Exercise brief ->
From the entries that follow, report every line in which "imports" occurs.

-*-*-

(* There is a closed subset $B$ of $2^\omega$ such that $\lambda(B)>1/2$ and for each $x\in B$ we have $flip_n(x)\notin B$ for infinitely many $n\in\omega$.
   Context: $\lambda$ is the standard product (Haar/coin-tossing) measure on $2^\omega$. For $n\in\omega$, $flip_n\colon2^\omega\to2^\omega$ is given by $flip_n(x)=x+\chi_{\{n\}}$ (addition coordinatewise mod 2), i.e. it changes the $n$-th coordinate of $x$. *)

theory Defs
  imports "HOL-Probability.Probability"
begin

definition cantor_measure :: "(nat \<Rightarrow> bool) measure" where
  "cantor_measure = PiM UNIV (\<lambda>_. measure_pmf (pmf_of_set (UNIV :: bool set)))"

definition cantor_topology :: "(nat \<Rightarrow> bool) topology" where
  "cantor_topology = product_topology (\<lambda>_. discrete_topology (UNIV :: bool set)) UNIV"

definition flip :: "nat \<Rightarrow> (nat \<Rightarrow> bool) \<Rightarrow> (nat \<Rightarrow> bool)" where
  "flip n x = x(n := \<not> x n)"

end

theory Submission
  imports Defs
begin

(* Cut the index set into the dyadic blocks [2^m, 2^(m+1)), m \<ge> 3. On the block of level m,
   the syndrome of x is the XOR of the low m bits of all positions n of the block with x n.
   Flipping a position p of the block changes the syndrome by the low m bits of p, and these
   run through every m-bit word exactly once as p ranges over the block. As flips preserve
   the measure, all 2^m syndrome classes have measure 2^-m, and every x is a single flip away
   from the zero class of every block. The complement B of the union of the zero classes is
   closed (each class depends on finitely many coordinates), has measure at least
   1 - (2^-3 + 2^-4 + ...) = 3/4, and each x in B leaves B by a flip inside every block. *)

abbreviation coin :: "bool measure" where
  "coin \<equiv> measure_pmf (pmf_of_set UNIV)"

interpretation coin_tossing: product_prob_space "\<lambda>_::nat. coin" UNIV
  by unfold_locales

lemma space_cantor_measure [simp]: "space cantor_measure = UNIV"
  by (simp add: cantor_measure_def space_PiM)

lemma prob_space_cantor_measure: "prob_space cantor_measure"
  unfolding cantor_measure_def by (rule coin_tossing.P.prob_space_axioms)

interpretation cantor: prob_space cantor_measure
  by (rule prob_space_cantor_measure)

lemma cylinder_eq_prod_emb:
  "{x. \<forall>i\<in>J. x i \<in> F i} = prod_emb UNIV (\<lambda>_. coin) J (PiE J F)"
  by (auto simp: prod_emb_def PiE_iff)

lemma cylinder_in_sets_cantor_measure:
  "finite J \<Longrightarrow> {x. \<forall>i\<in>J. x i \<in> F i} \<in> sets cantor_measure"
  unfolding cylinder_eq_prod_emb cantor_measure_def by (intro sets_PiM_I) auto

lemma closedin_cantor_cylinder: "closedin cantor_topology {x. \<forall>i\<in>J. x i = y i}"
proof -
  have "{x. \<forall>i\<in>J. x i = y i} = PiE UNIV (\<lambda>i. if i \<in> J then {y i} else UNIV)"
    by (auto simp: PiE_iff split: if_splits)
  then show ?thesis
    by (simp add: cantor_topology_def closedin_product_topology)
qed

definition determined_by :: "nat set \<Rightarrow> (nat \<Rightarrow> bool) set \<Rightarrow> bool" where
  "determined_by J S \<longleftrightarrow> (\<forall>x y. (\<forall>i\<in>J. x i = y i) \<longrightarrow> (x \<in> S \<longleftrightarrow> y \<in> S))"

lemma determined_by_Compl: "determined_by J S \<Longrightarrow> determined_by J (- S)"
  unfolding determined_by_def by auto

lemma determined_by_eq_UN_cylinders:
  "determined_by J S \<Longrightarrow> S = (\<Union>y\<in>(\<lambda>x. restrict x J) ` S. {x. \<forall>i\<in>J. x i = y i})"
  unfolding determined_by_def by auto

lemma finite_image_restrict: "finite J \<Longrightarrow> finite ((\<lambda>x. restrict x J) ` (S :: (nat \<Rightarrow> bool) set))"
  by (rule finite_subset[OF _ finite_PiE[of J "\<lambda>_. UNIV :: bool set"]]) auto

lemma determined_by_imp_sets_cantor_measure:
  assumes "finite J" "determined_by J S"
  shows "S \<in> sets cantor_measure"
proof (subst determined_by_eq_UN_cylinders[OF assms(2)], rule sets.finite_UN)
  show "{x. \<forall>i\<in>J. x i = y i} \<in> sets cantor_measure" for y
    using cylinder_in_sets_cantor_measure[OF assms(1), of "\<lambda>i. {y i}"] by simp
qed (rule finite_image_restrict[OF assms(1)])
lemma longest_decr_le_D:
  "reachable k l c \<Longrightarrow> stable k c \<Longrightarrow> longest_decr (config_perm k l c) \<le> D k l"
  unfolding D_def by (rule Max_ge[OF finite_D_set]) blast

lemma longest_decr_subtree_le_D:
  assumes "2 \<le> k" "reachable k (Suc m) c" "stable k c" "j < k"
  shows "longest_decr (config_perm k m (subtree j c)) \<le> D k m"
proof -
  define g where "g = rank (labels (subtree j c))"
  have mono: "strict_mono_on (labels (subtree j c)) g"
    unfolding g_def using strict_mono_on_rank_subtree[OF _ assms(2)] assms(1) by simp
  have "card (subtree j c w) = 1" if "w \<in> set (layer_words k m)" for w
  proof -
    have "j # w \<in> set (layer_words k (Suc m))"
      using that assms(4) by auto
    then show ?thesis
      using reachable_stable_card_layer[OF assms(1-3)] by (simp add: subtree_def)
  qed
  then have singletons: "\<forall>w \<in> set (layer_words k m). card (subtree j c w) = 1"
    by blast
  have "longest_decr (config_perm k m (subtree j c))
      \<le> longest_decr (map g (config_perm k m (subtree j c)))"
    by (rule longest_decr_le_map, rule monotone_on_subset[OF mono set_config_perm[OF singletons]])
  also have "\<dots> = longest_decr (config_perm k m (relabel g (subtree j c)))"
    using config_perm_relabel[OF singletons] by simp
  also have "\<dots> \<le> D k m"
  proof (rule longest_decr_le_D)
    show "reachable k m (relabel g (subtree j c))"
      unfolding g_def using reachable_relabel_subtree assms by simp
    show "stable k (relabel g (subtree j c))"
      using assms(3) unfolding stable_def card_relabel[OF mono] by (simp add: subtree_def)
  qed
  finally show ?thesis .
qed

lemma longest_decr_config_perm_Suc_le:
  assumes "2 \<le> k" "reachable k (Suc m) c" "stable k c"
  shows "longest_decr (config_perm k (Suc m) c) \<le> k * D k m"
proof -
  have "longest_decr (config_perm k (Suc m) c)
      \<le> (\<Sum>j\<leftarrow>[0..<k]. longest_decr (config_perm k m (subtree j c)))"
    unfolding config_perm_Suc
    using longest_decr_concat[of "map (\<lambda>j. config_perm k m (subtree j c)) [0..<k]"]
    by (simp add: o_def)
  also have "\<dots> \<le> (\<Sum>j\<leftarrow>[0..<k]. D k m)"
    by (rule sum_list_mono) (use longest_decr_subtree_le_D assms in simp)
  also have "\<dots> = k * D k m"
    by (simp add: sum_list_triv)
  finally show ?thesis .
qed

-*-*-

Written response ->
  imports "HOL-Probability.Probability"
  imports Defs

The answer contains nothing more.